Civ. 3ème, 18 sept. 2025, n° 23-24.005
I –
Le locataire peut invoquer l’exception d’inexécution pour suspendre le paiement des loyers lorsqu’il est confronté à un manquement du bailleur à ses obligations essentielles. Dans ce cadre, il n’est pas tenu d’adresser une mise en demeure préalable pour pouvoir exercer ce droit.
Cette faculté s’applique à compter du moment où les locaux loués deviennent impropres à l’usage prévu par le contrat en raison des manquements du bailleur — qu’il s’agisse d’un défaut de délivrance, d’entretien ou d’entrave à la jouissance paisible des lieux. L’exception d’inexécution constitue ainsi un moyen de protection immédiat du preneur, lui permettant de ne pas continuer à s’acquitter d’une obligation dont la contrepartie, ici la jouissance effective des locaux, n’est plus assurée.
Cette règle reflète le principe général des contrats à exécution successive : chaque partie peut suspendre l’exécution de ses propres obligations tant que l’autre partie ne respecte pas les siennes, garantissant un équilibre contractuel et la préservation de l’usage réel du bien loué.
Elle souligne également que la protection du locataire ne dépend pas de formalités préalables, mais prend effet dès la survenance du manquement persistant du bailleur.
Par cet arrêt, la Cour de cassation précise les conditions dans lesquelles le locataire, privé de la jouissance des locaux en raison du manquement du bailleur à son obligation de délivrance, peut opposer l’exception d’inexécution pour suspendre le paiement des loyers.
Il convient de rappeler que cette exception ne peut être invoquée que lorsque l’occupation des locaux devient totalement impossible (Civ. 3e, 10 oct. 2024, n° 22-24.395). Des désordres mineurs, tels que de simples infiltrations, ne suffisent pas à rendre les locaux impropres à leur usage et ne permettent donc pas de recourir à l’exception d’inexécution (Civ. 3e, 6 juill. 2023, n° 22-15.923). Des troubles partiels peuvent en revanche justifier une réduction du loyer, mais ne permettent pas de suspendre intégralement l’exécution de l’obligation de paiement (Civ. 3e, 10 oct. 2024, n° 22-24.395).

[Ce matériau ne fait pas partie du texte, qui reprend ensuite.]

lemma prob_all_nth_eq_0:
  assumes "unitary n U"
  shows "(\<Sum>xs\<in>{xs. length xs = t \<and> set xs \<subseteq> pstrings n}.
      if \<forall>x\<in>set xs. x ! i = 0 then prod_list (map (bell_prob n U) xs) else 0) = (1 - Inf n U i) ^ t"
proof -
  have "finite {xs. length xs = t \<and> set xs \<subseteq> pstrings n}"
    using finite_lists_length_eq[OF finite_pstrings] by (simp add: conj_commute)
  then have "(\<Sum>xs\<in>{xs. length xs = t \<and> set xs \<subseteq> pstrings n}.
      if \<forall>x\<in>set xs. x ! i = 0 then prod_list (map (bell_prob n U) xs) else 0)
    = (\<Sum>xs\<in>{xs. length xs = t \<and> set xs \<subseteq> {x\<in>pstrings n. x ! i = 0}}. prod_list (map (bell_prob n U) xs))"
    by (simp add: sum.inter_filter[symmetric]) (intro sum.cong; auto)
  also have "\<dots> = (1 - Inf n U i) ^ t"
    by (simp add: sum_prod_list_lists_length finite_pstrings sum_bell_prob_nth_eq_0[OF assms])
  finally show ?thesis .
qed

lemma good_output_if_covers:
  assumes "set xs \<subseteq> pstrings n" "prod_list (map (bell_prob n U) xs) \<noteq> 0"
    and "{i. i < n \<and> Inf n U i \<ge> \<epsilon>} \<subseteq> out_set xs"
  shows "good_output n U \<epsilon> (out_set xs)"
proof -
  have "out_set xs \<subseteq> {..<n}"
    using assms(1) by (auto simp: out_set_def supp_def pstrings_def)
  moreover have "Inf n U i > 0" if i: "i \<in> out_set xs" for i
  proof -
    obtain x where x: "x \<in> set xs" "i \<in> supp x"
      using i unfolding out_set_def by blast
    then have "0 < bell_prob n U x"
      using assms(2) bell_prob_nonneg[of n U x] by (auto simp: prod_list_zero_iff order_le_less)
    also have "\<dots> \<le> Inf n U i"
      using x assms(1) by (intro bell_prob_le_Inf) auto
    finally show ?thesis .
  qed
  ultimately show ?thesis
    using assms(3) unfolding good_output_def by blast
qed

lemma success_prob_ge_union_bound:
  assumes "unitary n U"
  shows "1 - (\<Sum>i | i < n \<and> Inf n U i \<ge> \<epsilon>. (1 - Inf n U i) ^ t) \<le> success_prob n U \<epsilon> t"
proof -
  define X where "X = {xs. length xs = t \<and> set xs \<subseteq> pstrings n}"
  define B where "B = {i. i < n \<and> Inf n U i \<ge> \<epsilon>}"
  define P where "P xs = prod_list (map (bell_prob n U) xs)" for xs
  define miss where "miss i (xs :: nat list list) \<longleftrightarrow> (\<forall>x\<in>set xs. x ! i = 0)" for i xs
  have P_nonneg: "0 \<le> P xs" for xs
    unfolding P_def by (induction xs) (simp_all add: bell_prob_nonneg)
  have "P xs - (\<Sum>i\<in>B. if miss i xs then P xs else 0)
      \<le> P xs * (if good_output n U \<epsilon> (out_set xs) then 1 else 0)" if "xs \<in> X" for xs
  proof (cases "\<exists>i\<in>B. miss i xs")
    case True
    then have "P xs \<le> (\<Sum>i\<in>B. if miss i xs then P xs else 0)"
      using member_le_sum[of _ B "\<lambda>i. if miss i xs then P xs else 0"] P_nonneg
      by (force simp: B_def)
    then show ?thesis using P_nonneg[of xs] by simp
  next
    case False
    have "B \<subseteq> out_set xs"
      using False \<open>xs \<in> X\<close> by (force simp: B_def miss_def X_def out_set_def supp_def pstrings_def)
    then have "P xs \<noteq> 0 \<Longrightarrow> good_output n U \<epsilon> (out_set xs)"
      using \<open>xs \<in> X\<close> good_output_if_covers unfolding B_def P_def X_def by blast
    then show ?thesis using False by (cases "P xs = 0") auto
  qed
  then have "(\<Sum>xs\<in>X. P xs - (\<Sum>i\<in>B. if miss i xs then P xs else 0)) \<le> success_prob n U \<epsilon> t"
    unfolding success_prob_def X_def[symmetric] P_def[symmetric] by (rule sum_mono)
  moreover have "sum P X = 1"
    unfolding P_def X_def by (simp add: sum_prod_list_lists_length finite_pstrings sum_bell_prob[OF assms])
  moreover have "(\<Sum>xs\<in>X. if miss i xs then P xs else 0) = (1 - Inf n U i) ^ t" for i
    unfolding X_def P_def miss_def by (rule prob_all_nth_eq_0[OF assms])
  ultimately show ?thesis
    unfolding B_def[symmetric] by (simp add: sum_subtractf sum.swap[of _ B X])
qed

lemma power_le_exp_neg:
  fixes y \<epsilon> :: real
  assumes "0 \<le> y" "y \<le> 1 - \<epsilon>"
  shows "y ^ t \<le> exp (- (\<epsilon> * t))"
proof -
  have "y ^ t \<le> exp (- \<epsilon>) ^ t"
    using assms exp_ge_add_one_self[of "- \<epsilon>"] by (intro power_mono) auto
  then show ?thesis by (simp add: exp_of_nat_mult[symmetric] mult.commute)
qed

lemma sum_power_le_one_third:
  fixes q :: "'a \<Rightarrow> real"
  assumes "finite R" "B \<subseteq> R" "\<And>i. i \<in> B \<Longrightarrow> 0 \<le> q i \<and> q i \<le> 1 - \<epsilon>"
    and "2 * (1 + ln (card R)) \<le> \<epsilon> * t"
  shows "(\<Sum>i\<in>B. q i ^ t) \<le> 1/3"
proof (cases "B = {}")
  case False
  have "card B \<le> card R" using assms(1,2) by (rule card_mono)
  moreover have "card B \<ge> 1"
    using False assms(1,2) finite_subset by (fastforce simp: Suc_le_eq card_gt_0_iff)
  ultimately have R_ge_1: "real (card R) \<ge> 1" and "real (card B) \<le> card R" by auto
  have "(\<Sum>i\<in>B. q i ^ t) \<le> card B * exp (- (\<epsilon> * t))"
    using sum_bounded_above[of B "\<lambda>i. q i ^ t"] assms(3) power_le_exp_neg by force
  also have "\<dots> \<le> card R * exp (- (2 + ln (card R)))"
  proof (rule mult_mono)
    have "2 + ln (card R) \<le> \<epsilon> * real t"
      using assms(4) ln_ge_zero[OF R_ge_1] by (simp add: ring_distribs)
    then show "exp (- (\<epsilon> * t)) \<le> exp (- (2 + ln (card R)))" by simp
  qed (use \<open>real (card B) \<le> card R\<close> in auto)
  also have "\<dots> = exp (- 2)"
    using R_ge_1 by (simp add: exp_diff exp_minus)
  also have "\<dots> \<le> 1/3"
    using exp_ge_add_one_self[of 2] by (simp add: exp_minus field_simps)
  finally show ?thesis .
qed simp

theorem mainTheorem10:
  shows "\<exists>C::real. C > 0 \<and>
    (\<forall>n (U :: nat \<Rightarrow> nat \<Rightarrow> complex) (R :: nat set) (\<epsilon>::real) (t::nat).
       unitary n U \<longrightarrow> R \<subseteq> {..<n} \<longrightarrow> acts_only_on n U R \<longrightarrow> \<epsilon> > 0 \<longrightarrow>
       real t \<ge> C * (1 + ln (real (card R))) / \<epsilon> \<longrightarrow>
       success_prob n U \<epsilon> t \<ge> 2/3)"
proof (intro exI[of _ "2::real"] conjI allI impI)
  fix n U R \<epsilon> t
  assume U: "unitary n U" and R: "R \<subseteq> {..<n}" "acts_only_on n U R" and \<epsilon>: "(\<epsilon>::real) > 0"
    and t: "real t \<ge> 2 * (1 + ln (real (card R))) / \<epsilon>"
  have "(\<Sum>i | i < n \<and> Inf n U i \<ge> \<epsilon>. (1 - Inf n U i) ^ t) \<le> 1/3"
  proof (rule sum_power_le_one_third)
    show "finite R" using R(1) finite_subset by blast
    show "{i. i < n \<and> Inf n U i \<ge> \<epsilon>} \<subseteq> R" using R(2) \<epsilon> by (rule influential_subset)
    show "0 \<le> 1 - Inf n U i \<and> 1 - Inf n U i \<le> 1 - \<epsilon>" if "i \<in> {i. i < n \<and> Inf n U i \<ge> \<epsilon>}" for i
      using that Inf_le_1[OF U] by auto
    show "2 * (1 + ln (card R)) \<le> \<epsilon> * t" using t \<epsilon> by (simp add: pos_divide_le_eq mult.commute)
  qed
  then show "success_prob n U \<epsilon> t \<ge> 2/3"
    using success_prob_ge_union_bound[OF U, where \<epsilon> = \<epsilon> and t = t] by simp
qed simp

end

En l’espèce, il s’agissait d’un bail dérogatoire d’une durée de vingt-trois mois. Le locataire était débiteur de loyers, mais un dégât des eaux majeur avait rendu les locaux impropres à leur usage. Constatant l’impossibilité d’occuper les lieux, il les avait quittés et sollicitait des dommages-intérêts, tandis que le bailleur réclamait le paiement des loyers.
II –
La cour d’appel avait condamné le locataire au paiement des loyers, considérant que l’exception d’inexécution ne pouvait pas être invoquée. Les juges du fond avaient estimé que, comme le locataire avait seulement informé la bailleresse de l’état des locaux et de l’impossibilité d’exploiter ceux-ci par une mise en demeure datée du 1er novembre 2016, l’exception d’inexécution ne pouvait s’appliquer aux loyers échus avant cette date.

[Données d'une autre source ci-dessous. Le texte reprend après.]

lemma prefers_append:
  assumes "prefers (xs @ ys) X Y"
  shows "X \<in> set xs \<or> Y \<in> set ys"
proof -
  obtain a b where ab: "a < b" "b < length (xs @ ys)" "(xs @ ys) ! a = X" "(xs @ ys) ! b = Y"
    using assms unfolding prefers_def by blast
  show ?thesis
  proof (cases "b < length xs")
    case True
    then show ?thesis using ab by (auto simp: nth_append)
  next
    case False
    then show ?thesis using ab by (auto simp: nth_append)
  qed
qed

lemma prefers_mem: "prefers r X Y \<Longrightarrow> X \<in> set r \<and> Y \<in> set r"
  unfolding prefers_def by auto

definition extend_ranking :: "nat \<Rightarrow> nat list \<Rightarrow> nat set \<Rightarrow> nat list" where
  "extend_ranking m s T =
     (s @ filter (\<lambda>X. X \<in> T \<and> X \<notin> set s) [0..<m]) @ filter (\<lambda>X. X \<notin> T \<and> X \<notin> set s) [0..<m]"

lemma extend_ranking_respects:
  assumes "set s \<subseteq> T" "prefers (extend_ranking m s T) X Y" "Y \<in> T"
  shows "X \<in> T"
  using prefers_append[OF assms(2)[unfolded extend_ranking_def]] assms(1,3) by auto

lemma top_profile_nth:
  "top_profile m t \<sigma> \<Longrightarrow> i < length \<sigma> \<Longrightarrow> length (\<sigma>!i) = t \<and> distinct (\<sigma>!i) \<and> set (\<sigma>!i) \<subseteq> {..<m}"
  unfolding top_profile_def using nth_mem by blast

lemma top_profile_extension_respecting:
  assumes tp: "top_profile m t \<sigma>" and sub: "\<And>i. i < length \<sigma> \<Longrightarrow> set (\<sigma>!i) \<subseteq> T i"
  obtains \<tau> where "full_extension m \<sigma> \<tau>"
    "\<And>i X Y. i < length \<sigma> \<Longrightarrow> prefers (\<tau>!i) X Y \<Longrightarrow> Y \<in> T i \<Longrightarrow> X \<in> T i"
proof
  define \<tau> where "\<tau> = map (\<lambda>i. extend_ranking m (\<sigma>!i) (T i)) [0..<length \<sigma>]"
  show "full_extension m \<sigma> \<tau>"
    using top_profile_nth[OF tp]
    by (auto simp: full_extension_def \<tau>_def extend_ranking_def distinct_filter)
  show "X \<in> T i" if "i < length \<sigma>" "prefers (\<tau>!i) X Y" "Y \<in> T i" for i X Y
    using extend_ranking_respects[OF sub] that by (simp add: \<tau>_def)
qed

definition uniform_on :: "nat set \<Rightarrow> nat \<Rightarrow> real" where
  "uniform_on T X = (if X \<in> T then 1 / real (card T) else 0)"

lemma sum_uniform_on:
  assumes "T \<subseteq> {..<m}" "T \<noteq> {}"
  shows "(\<Sum>X<m. uniform_on T X) = 1"
proof -
  have "finite T" using assms(1) finite_subset by blast
  moreover have "(\<Sum>X<m. uniform_on T X) = (\<Sum>X\<in>T. 1 / real (card T))"
    unfolding uniform_on_def using assms(1) by (simp add: sum.If_cases Int_absorb1)
  ultimately show ?thesis using assms(2) by simp
qed

lemma utility_consistent_uniform_on:
  assumes fe: "full_extension m \<sigma> \<tau>"
    and T: "\<And>i. i < length \<sigma> \<Longrightarrow> T i \<subseteq> {..<m} \<and> T i \<noteq> {}"
    and respects: "\<And>i X Y. i < length \<sigma> \<Longrightarrow> prefers (\<tau>!i) X Y \<Longrightarrow> Y \<in> T i \<Longrightarrow> X \<in> T i"
  shows "utility_consistent m \<sigma> (\<lambda>i. uniform_on (T i))"
proof -
  have "(\<forall>X<m. 0 \<le> uniform_on (T i) X) \<and> (\<Sum>X<m. uniform_on (T i) X) = 1"
    if "i < length \<sigma>" for i
    using T[OF that] sum_uniform_on[of "T i" m] by (simp add: uniform_on_def)
  moreover have "uniform_on (T i) Y \<le> uniform_on (T i) X"
    if "i < length \<sigma>" "prefers (\<tau>!i) X Y" for i X Y
    using respects[OF that] by (simp add: uniform_on_def)
  ultimately show ?thesis unfolding utility_consistent_def using fe by blast
qed

section \<open>Two-point line metrics\<close>

definition cluster_side :: "nat set \<Rightarrow> nat set \<Rightarrow> nat + nat \<Rightarrow> real" where
  "cluster_side A S = case_sum (\<lambda>i. if i \<in> A then 1 else 0) (\<lambda>X. if X \<in> S then 0 else 1)"

definition cluster_metric :: "nat set \<Rightarrow> nat set \<Rightarrow> nat + nat \<Rightarrow> nat + nat \<Rightarrow> real" where
  "cluster_metric A S p q = \<bar>cluster_side A S p - cluster_side A S q\<bar>"

lemma cluster_metric_agent_alternative:
  "cluster_metric A S (Inl i) (Inr X) = (if (i \<in> A) = (X \<in> S) then 1 else 0)"
  by (simp add: cluster_metric_def cluster_side_def)

lemma metric_consistent_cluster_metric:
  assumes tp: "top_profile m t \<sigma>"
    and in_S: "\<And>i. i < length \<sigma> \<Longrightarrow> i \<notin> A \<Longrightarrow> set (\<sigma>!i) \<subseteq> S"
    and out_S: "\<And>i. i < length \<sigma> \<Longrightarrow> i \<in> A \<Longrightarrow> set (\<sigma>!i) \<subseteq> - S"
  shows "metric_consistent m \<sigma> (cluster_metric A S)"
proof -
  define T where "T i = (if i \<in> A then - S else S)" for i
  have "set (\<sigma>!i) \<subseteq> T i" if "i < length \<sigma>" for i
    using in_S[OF that] out_S[OF that] unfolding T_def by (cases "i \<in> A") simp_all
  then obtain \<tau> where fe: "full_extension m \<sigma> \<tau>"
    and respects: "\<And>i X Y. i < length \<sigma> \<Longrightarrow> prefers (\<tau>!i) X Y \<Longrightarrow> Y \<in> T i \<Longrightarrow> X \<in> T i"
    using top_profile_extension_respecting[OF tp] by blast
  have "cluster_metric A S (Inl i) (Inr X) \<le> cluster_metric A S (Inl i) (Inr Y)"
    if "i < length \<sigma>" "prefers (\<tau>!i) X Y" for i X Y
    using respects[OF that] unfolding cluster_metric_agent_alternative T_def
    by (cases "i \<in> A"; cases "X \<in> S"; cases "Y \<in> S") simp_all
  moreover have "pseudometric_on P (cluster_metric A S)" for P
    unfolding pseudometric_on_def cluster_metric_def by auto
  ultimately show ?thesis unfolding metric_consistent_def using fe by blast
qed

lemma SC_cluster_metric:
  assumes "A \<subseteq> {..<length \<sigma>}"
  shows "SC \<sigma> (cluster_metric A S) X = (if X \<in> S then real (card A) else real (length \<sigma> - card A))"
proof -
  have "card ({..<length \<sigma>} \<inter> A) = card A" "card ({..<length \<sigma>} \<inter> - A) = length \<sigma> - card A"
    using assms by (simp_all add: Int_absorb1 Diff_eq[symmetric] card_Diff_subset finite_subset)
  then show ?thesis
    unfolding SC_def cluster_metric_agent_alternative by (simp add: sum.If_cases Compl_eq)
qed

La Cour de cassation censure cette décision, jugeant que la cour d’appel a introduit une exigence non prévue par la loi en conditionnant l’application de l’exception à l’envoi préalable d’une mise en demeure.
Elle rappelle ainsi que l’exception d’inexécution peut être valablement invoquée sans qu’il soit nécessaire d’adresser une mise en demeure préalable au bailleur.
III –
Cet arrêt a été rendu avant l’entrée en vigueur de la réforme du droit des obligations par l’ordonnance n° 2016-131 du 10 février 2016 et se réfère à l’ancien article 1184, alinéa 1er, du code civil.

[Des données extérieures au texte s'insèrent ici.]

lemma good_pairs_eq_glue_image:
  assumes "1 \<le> n"
  shows "good_pairs n e = glue ` glue_domain n e"
proof
  show "good_pairs n e \<subseteq> glue ` glue_domain n e"
  proof
    fix p assume p: "p \<in> good_pairs n e"
    obtain W Z where WZ: "p = (W, Z)" by (cases p)
    have good: "good_pair n W Z" and e: "ends_C W = e"
      using p assms WZ by (auto simp: good_pairs_def good_or_empty_pair_def)
    then have "W \<noteq> []" "hd W = A" "Z \<noteq> []" "hd Z = A" by (auto simp: good_pair_def)
    then obtain w v u z where W: "W = w @ A # v" "A \<notin> set v" "w = [] \<or> hd w = A"
      and Z: "Z = A # u @ z" "A \<notin> set u" "z = [] \<or> hd z = A"
      using split_last_A split_first_segment by metis
    let ?a = "length w + length z"
    have split: "n = ?a + length v + length u + 2" "body v" "body u"
      "(w = [] \<and> z = []) \<or> good_pair ?a w z" "ends_C w \<longrightarrow> compatible v u"
      using good_pair_split[OF W(2) Z(2) W(3) Z(3)] good W Z by simp_all
    then have "(w, z) \<in> good_pairs ?a (ends_C w)"
      by (auto simp: good_pairs_def good_or_empty_pair_def)
    moreover have "(v, u) \<in> body_pairs (ends_C w) e (n - ?a)"
      using split e W by (auto simp: body_pairs_def ends_C_append_A)
    moreover have "?a < n" using split by simp
    ultimately have "((w, z), (v, u)) \<in> glue_domain n e"
      unfolding glue_domain_def by (cases "ends_C w") blast+
    moreover have "p = glue ((w, z), (v, u))" using WZ W Z by (simp add: glue_def)
    ultimately show "p \<in> glue ` glue_domain n e" by blast
  qed
next
  show "glue ` glue_domain n e \<subseteq> good_pairs n e"
  proof
    fix p assume "p \<in> glue ` glue_domain n e"
    then obtain w z v u where dom: "((w, z), (v, u)) \<in> glue_domain n e"
      and p: "p = glue ((w, z), (v, u))" by auto
    from dom obtain a e' where a: "a < n" and wz: "(w, z) \<in> good_pairs a e'"
      and vu: "(v, u) \<in> body_pairs e' e (n - a)"
      unfolding glue_domain_def by blast
    have good: "good_or_empty_pair a w z" and e': "ends_C w = e'"
      using wz by (auto simp: good_pairs_def)
    have "good_pair n (w @ A # v) (A # u @ z)"
      using good_pair_split[of v u w z n] good_or_empty_pair_hd[OF good]
        good_or_empty_pair_length[OF good] good a e' vu
      by (auto simp: body_def body_pairs_def good_or_empty_pair_def)
    then show "p \<in> good_pairs n e"
      using p vu by (simp add: glue_def good_pairs_def good_or_empty_pair_def
          ends_C_append_A body_pairs_def)
  qed
qed

lemma inj_on_glue: "inj_on glue (glue_domain n e)"
proof
  fix p q assume p: "p \<in> glue_domain n e" and q: "q \<in> glue_domain n e" and eq: "glue p = glue q"
  obtain w1 z1 v1 u1 where P: "p = ((w1, z1), (v1, u1))" by (metis prod.collapse)
  obtain w2 z2 v2 u2 where Q: "q = ((w2, z2), (v2, u2))" by (metis prod.collapse)
  have parts: "A \<notin> set v \<and> A \<notin> set u \<and> (z = [] \<or> hd z = A)"
    if "((w, z), (v, u)) \<in> glue_domain n e" for w z v u
    using that unfolding glue_domain_def
    by (auto simp: body_pairs_def body_def good_pairs_def dest: good_or_empty_pair_hd)
  have "w1 @ A # v1 = w2 @ A # v2" "u1 @ z1 = u2 @ z2"
    using eq P Q by (auto simp: glue_def)
  then show "p = q"
    using append_last_A_inj first_segment_inj parts[OF p[unfolded P]] parts[OF q[unfolded Q]] P Q
    by metis
qed

lemma card_glue_domain:
  "card (glue_domain n e) =
     (\<Sum>a < n. good_pairs_count a True * card (body_pairs True e (n - a))
              + good_pairs_count a False * card (body_pairs False e (n - a)))"
proof -
  have "card (\<Union>e' \<in> {True, False}. good_pairs a e' \<times> body_pairs e' e (n - a)) =
      good_pairs_count a True * card (body_pairs True e (n - a))
      + good_pairs_count a False * card (body_pairs False e (n - a))" for a
  proof -
    have "(good_pairs a True \<times> body_pairs True e (n - a)) \<inter>
        (good_pairs a False \<times> body_pairs False e (n - a)) = {}"
      by (auto simp: good_pairs_def)
    then show ?thesis
      using finite_good_pairs finite_body_pairs
      by (simp add: card_Un_disjoint good_pairs_count_def card_cartesian_product)
  qed
  moreover have "card (glue_domain n e) =
      (\<Sum>a < n. card (\<Union>e' \<in> {True, False}. good_pairs a e' \<times> body_pairs e' e (n - a)))"
    unfolding glue_domain_def
  proof (rule card_UN_disjoint)
    show "\<forall>a \<in> {..<n}. finite (\<Union>e' \<in> {True, False}. good_pairs a e' \<times> body_pairs e' e (n - a))"
      using finite_good_pairs finite_body_pairs by auto
    show "\<forall>a \<in> {..<n}. \<forall>b \<in> {..<n}. a \<noteq> b \<longrightarrow>
        (\<Union>e' \<in> {True, False}. good_pairs a e' \<times> body_pairs e' e (n - a)) \<inter>
        (\<Union>e' \<in> {True, False}. good_pairs b e' \<times> body_pairs e' e (n - b)) = {}"
      by (auto simp: good_pairs_def dest: good_or_empty_pair_length)
  qed simp
  ultimately show ?thesis by simp
qed

lemma good_pairs_count_rec:
  "1 \<le> n \<Longrightarrow> good_pairs_count n e =
     (\<Sum>a < n. good_pairs_count a True * card (body_pairs True e (n - a))
              + good_pairs_count a False * card (body_pairs False e (n - a)))"
  using good_pairs_eq_glue_image card_image[OF inj_on_glue] card_glue_domain
  by (simp add: good_pairs_count_def)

Cependant, la décision de la Cour de cassation s’inspire des principes désormais consacrés par la réforme. Depuis le 10 février 2016, l’exception d’inexécution est expressément prévue à l’article 1219 du code civil, selon lequel : « Une partie peut refuser d’exécuter son obligation, alors même que celle-ci est exigible, si l’autre n’exécute pas la sienne et si cette inexécution est suffisamment grave ».
Contrairement à d’autres mécanismes prévus par le code civil, ce texte n’exige ni mise en demeure préalable ni notification particulière. Il se distingue notamment des dispositions de l’article 1220, qui prévoient une notification a posteriori pour suspendre l’exécution d’une obligation, ou de celles de l’article 1222, qui permettent au créancier d’exécuter lui-même l’obligation, mais seulement après mise en demeure.